• **Dataset extract**
definition scaleC :: "complex \<Rightarrow> 'a::complex_hilbert \<Rightarrow> 'a" where
  "scaleC c x = Re c *\<^sub>R x + Im c *\<^sub>R jmul x"

definition cinner :: "'a::complex_hilbert \<Rightarrow> 'a \<Rightarrow> complex" where
  "cinner x y = Complex (inner x y) (inner x (jmul y))"

type_synonym 'a operator = "'a set \<times> ('a \<Rightarrow> 'a)"

definition dom_op :: "'a operator \<Rightarrow> 'a set" where "dom_op T = fst T"
definition app_op :: "'a operator \<Rightarrow> 'a \<Rightarrow> 'a" where "app_op T = snd T"

definition graph_op :: "'a operator \<Rightarrow> ('a \<times> 'a) set" where
  "graph_op T = {(x, app_op T x) | x. x \<in> dom_op T}"

definition lin_op :: "'a::complex_hilbert operator \<Rightarrow> bool" where
  "lin_op T \<longleftrightarrow> 0 \<in> dom_op T
     \<and> (\<forall>x\<in>dom_op T. \<forall>y\<in>dom_op T. x + y \<in> dom_op T \<and> app_op T (x + y) = app_op T x + app_op T y)
     \<and> (\<forall>c. \<forall>x\<in>dom_op T. scaleC c x \<in> dom_op T \<and> app_op T (scaleC c x) = scaleC c (app_op T x))"

definition densely_defined :: "'a::complex_hilbert operator \<Rightarrow> bool" where
  "densely_defined T \<longleftrightarrow> closure (dom_op T) = UNIV"

definition closed_op :: "'a::complex_hilbert operator \<Rightarrow> bool" where
  "closed_op T \<longleftrightarrow> lin_op T \<and> closed (graph_op T)"

text \<open>Hilbert space adjoint (for densely defined T the vector z is unique).\<close>
definition adjoint_op :: "'a::complex_hilbert operator \<Rightarrow> 'a operator" where
  "adjoint_op T =
    ({y. \<exists>z. \<forall>x\<in>dom_op T. cinner (app_op T x) y = cinner x z},
     \<lambda>y. THE z. \<forall>x\<in>dom_op T. cinner (app_op T x) y = cinner x z)"

definition op_le :: "'a operator \<Rightarrow> 'a operator \<Rightarrow> bool" where
  "op_le S T \<longleftrightarrow> dom_op S \<subseteq> dom_op T \<and> (\<forall>x\<in>dom_op S. app_op S x = app_op T x)"

definition is_core :: "'a::complex_hilbert set \<Rightarrow> 'a operator \<Rightarrow> bool" where
  "is_core C T \<longleftrightarrow> C \<subseteq> dom_op T \<and> closure {(x, app_op T x) | x. x \<in> C} = graph_op T"

definition bounded_op :: "('a::complex_hilbert \<Rightarrow> 'a) \<Rightarrow> bool" where
  "bounded_op G \<longleftrightarrow> bounded_linear G \<and> (\<forall>x. G (jmul x) = jmul (G x))"

definition bounded_metric_op :: "('a::complex_hilbert \<Rightarrow> 'a) \<Rightarrow> bool" where
  "bounded_metric_op G \<longleftrightarrow> bounded_op G
     \<and> (\<forall>x y. cinner (G x) y = cinner x (G y))
     \<and> (\<forall>x. x \<noteq> 0 \<longrightarrow> Im (cinner (G x) x) = 0 \<and> Re (cinner (G x) x) > 0)"

text \<open>The operator A^\<star> = G^{-1} A^* G with its natural domain
  (G^{-1} has domain the range of G).\<close>
definition star_op :: "('a::complex_hilbert \<Rightarrow> 'a) \<Rightarrow> 'a operator \<Rightarrow> 'a operator" where
  "star_op G A =
    ({\<eta>. G \<eta> \<in> dom_op (adjoint_op A) \<and> app_op (adjoint_op A) (G \<eta>) \<in> range G},
     \<lambda>\<eta>. inv G (app_op (adjoint_op A) (G \<eta>)))"

end

theory Submission
  imports Defs
begin
lemma normal_form_exists: "in_N g \<Longrightarrow> \<exists>i p. normal_form g i p"
proof (induction g rule: rev_induct)
  case Nil
  have "normal_form [] 0 7"
    by (simp add: normal_form_def stab_elt_def stab_word_def coset_rep_def decw_def coincide_refl)
  then show ?case by blast
next
  case (snoc a g)
  then obtain i p where g: "normal_form g i p" and "snd a \<noteq> GT" by auto
  have x_power: "\<exists>j q. normal_form (g @ wpow wx n) j q" for n
  proof (induction n)
    case 0
    show ?case using g by (auto simp: wpow_def)
  next
    case (Suc n)
    then obtain j q where "normal_form (g @ wpow wx n) j q" by blast
    then have "\<exists>j q. normal_form ((g @ wpow wx n) @ [(False, GX)]) j q"
      by (rule normal_form_snoc_generator) simp
    moreover have "(g @ wpow wx n) @ [(False, GX)] = g @ wpow wx (Suc n)"
      by (simp add: wpow_replicate_wx replicate_append_same)
    ultimately show ?case by simp
  qed
  obtain b c where a: "a = (b, c)" by (cases a)
  with \<open>snd a \<noteq> GT\<close> have "c = GX \<or> c = GY" by (cases c) auto
  then consider "a = (False, GX)" | "a = (False, GY)" | "a = (True, GX)" | "a = (True, GY)"
    using a by (cases b) auto
  then show ?case
  proof cases
    case 3
    obtain j q where "normal_form (g @ wpow wx 6) j q" using x_power by blast
    then show ?thesis
      using normal_form_coincide coincide_append[OF coincide_refl inverse_generators(1)] 3 by blast
  next
    case 4
    obtain j q where "normal_form (g @ wy) j q"
      using normal_form_snoc_generator[OF g, of "(False, GY)"] by (auto simp: wy_def)
    then show ?thesis
      using normal_form_coincide coincide_append[OF coincide_refl inverse_generators(2)] 4 by blast
  qed (use normal_form_snoc_generator[OF g] in auto)
qed

lemma stab_elt_fixes_7: "list_all (\<lambda>i. act (stab_elt i) 7 = 7) [0..<12]"
  unfolding stab_elt_def stab_word_def stab_gen_def by code_simp

lemma stab_elt_perms_distinct: "distinct (map (\<lambda>i. perm_of (stab_elt i)) [0..<12])"
  unfolding stab_elt_def stab_word_def stab_gen_def by code_simp

lemma coset_rep_maps_7: "list_all (\<lambda>p. in_N (coset_rep p) \<and> act (coset_rep p) 7 = p) [1..<15]"
  unfolding coset_rep_def by code_simp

• **Assigned task**
Copy the whole listing down exactly.

• **Output**
definition scaleC :: "complex \<Rightarrow> 'a::complex_hilbert \<Rightarrow> 'a" where
  "scaleC c x = Re c *\<^sub>R x + Im c *\<^sub>R jmul x"

definition cinner :: "'a::complex_hilbert \<Rightarrow> 'a \<Rightarrow> complex" where
  "cinner x y = Complex (inner x y) (inner x (jmul y))"

type_synonym 'a operator = "'a set \<times> ('a \<Rightarrow> 'a)"

definition dom_op :: "'a operator \<Rightarrow> 'a set" where "dom_op T = fst T"
definition app_op :: "'a operator \<Rightarrow> 'a \<Rightarrow> 'a" where "app_op T = snd T"

definition graph_op :: "'a operator \<Rightarrow> ('a \<times> 'a) set" where
  "graph_op T = {(x, app_op T x) | x. x \<in> dom_op T}"

definition lin_op :: "'a::complex_hilbert operator \<Rightarrow> bool" where
  "lin_op T \<longleftrightarrow> 0 \<in> dom_op T
     \<and> (\<forall>x\<in>dom_op T. \<forall>y\<in>dom_op T. x + y \<in> dom_op T \<and> app_op T (x + y) = app_op T x + app_op T y)
     \<and> (\<forall>c. \<forall>x\<in>dom_op T. scaleC c x \<in> dom_op T \<and> app_op T (scaleC c x) = scaleC c (app_op T x))"

definition densely_defined :: "'a::complex_hilbert operator \<Rightarrow> bool" where
  "densely_defined T \<longleftrightarrow> closure (dom_op T) = UNIV"

definition closed_op :: "'a::complex_hilbert operator \<Rightarrow> bool" where
  "closed_op T \<longleftrightarrow> lin_op T \<and> closed (graph_op T)"

text \<open>Hilbert space adjoint (for densely defined T the vector z is unique).\<close>
definition adjoint_op :: "'a::complex_hilbert operator \<Rightarrow> 'a operator" where
  "adjoint_op T =
    ({y. \<exists>z. \<forall>x\<in>dom_op T. cinner (app_op T x) y = cinner x z},
     \<lambda>y. THE z. \<forall>x\<in>dom_op T. cinner (app_op T x) y = cinner x z)"

definition op_le :: "'a operator \<Rightarrow> 'a operator \<Rightarrow> bool" where
  "op_le S T \<longleftrightarrow> dom_op S \<subseteq> dom_op T \<and> (\<forall>x\<in>dom_op S. app_op S x = app_op T x)"

definition is_core :: "'a::complex_hilbert set \<Rightarrow> 'a operator \<Rightarrow> bool" where
  "is_core C T \<longleftrightarrow> C \<subseteq> dom_op T \<and> closure {(x, app_op T x) | x. x \<in> C} = graph_op T"

definition bounded_op :: "('a::complex_hilbert \<Rightarrow> 'a) \<Rightarrow> bool" where
  "bounded_op G \<longleftrightarrow> bounded_linear G \<and> (\<forall>x. G (jmul x) = jmul (G x))"

definition bounded_metric_op :: "('a::complex_hilbert \<Rightarrow> 'a) \<Rightarrow> bool" where
  "bounded_metric_op G \<longleftrightarrow> bounded_op G
     \<and> (\<forall>x y. cinner (G x) y = cinner x (G y))
     \<and> (\<forall>x. x \<noteq> 0 \<longrightarrow> Im (cinner (G x) x) = 0 \<and> Re (cinner (G x) x) > 0)"

text \<open>The operator A^\<star> = G^{-1} A^* G with its natural domain
  (G^{-1} has domain the range of G).\<close>
definition star_op :: "('a::complex_hilbert \<Rightarrow> 'a) \<Rightarrow> 'a operator \<Rightarrow> 'a operator" where
  "star_op G A =
    ({\<eta>. G \<eta> \<in> dom_op (adjoint_op A) \<and> app_op (adjoint_op A) (G \<eta>) \<in> range G},
     \<lambda>\<eta>. inv G (app_op (adjoint_op A) (G \<eta>)))"

end

theory Submission
  imports Defs
begin
lemma normal_form_exists: "in_N g \<Longrightarrow> \<exists>i p. normal_form g i p"
proof (induction g rule: rev_induct)
  case Nil
  have "normal_form [] 0 7"
    by (simp add: normal_form_def stab_elt_def stab_word_def coset_rep_def decw_def coincide_refl)
  then show ?case by blast
next
  case (snoc a g)
  then obtain i p where g: "normal_form g i p" and "snd a \<noteq> GT" by auto
  have x_power: "\<exists>j q. normal_form (g @ wpow wx n) j q" for n
  proof (induction n)
    case 0
    show ?case using g by (auto simp: wpow_def)
  next
    case (Suc n)
    then obtain j q where "normal_form (g @ wpow wx n) j q" by blast
    then have "\<exists>j q. normal_form ((g @ wpow wx n) @ [(False, GX)]) j q"
      by (rule normal_form_snoc_generator) simp
    moreover have "(g @ wpow wx n) @ [(False, GX)] = g @ wpow wx (Suc n)"
      by (simp add: wpow_replicate_wx replicate_append_same)
    ultimately show ?case by simp
  qed
  obtain b c where a: "a = (b, c)" by (cases a)
  with \<open>snd a \<noteq> GT\<close> have "c = GX \<or> c = GY" by (cases c) auto
  then consider "a = (False, GX)" | "a = (False, GY)" | "a = (True, GX)" | "a = (True, GY)"
    using a by (cases b) auto
  then show ?case
  proof cases
    case 3
    obtain j q where "normal_form (g @ wpow wx 6) j q" using x_power by blast
    then show ?thesis
      using normal_form_coincide coincide_append[OF coincide_refl inverse_generators(1)] 3 by blast
  next
    case 4
    obtain j q where "normal_form (g @ wy) j q"
      using normal_form_snoc_generator[OF g, of "(False, GY)"] by (auto simp: wy_def)
    then show ?thesis
      using normal_form_coincide coincide_append[OF coincide_refl inverse_generators(2)] 4 by blast
  qed (use normal_form_snoc_generator[OF g] in auto)
qed

lemma stab_elt_fixes_7: "list_all (\<lambda>i. act (stab_elt i) 7 = 7) [0..<12]"
  unfolding stab_elt_def stab_word_def stab_gen_def by code_simp

lemma stab_elt_perms_distinct: "distinct (map (\<lambda>i. perm_of (stab_elt i)) [0..<12])"
  unfolding stab_elt_def stab_word_def stab_gen_def by code_simp

lemma coset_rep_maps_7: "list_all (\<lambda>p. in_N (coset_rep p) \<and> act (coset_rep p) 7 = p) [1..<15]"
  unfolding coset_rep_def by code_simp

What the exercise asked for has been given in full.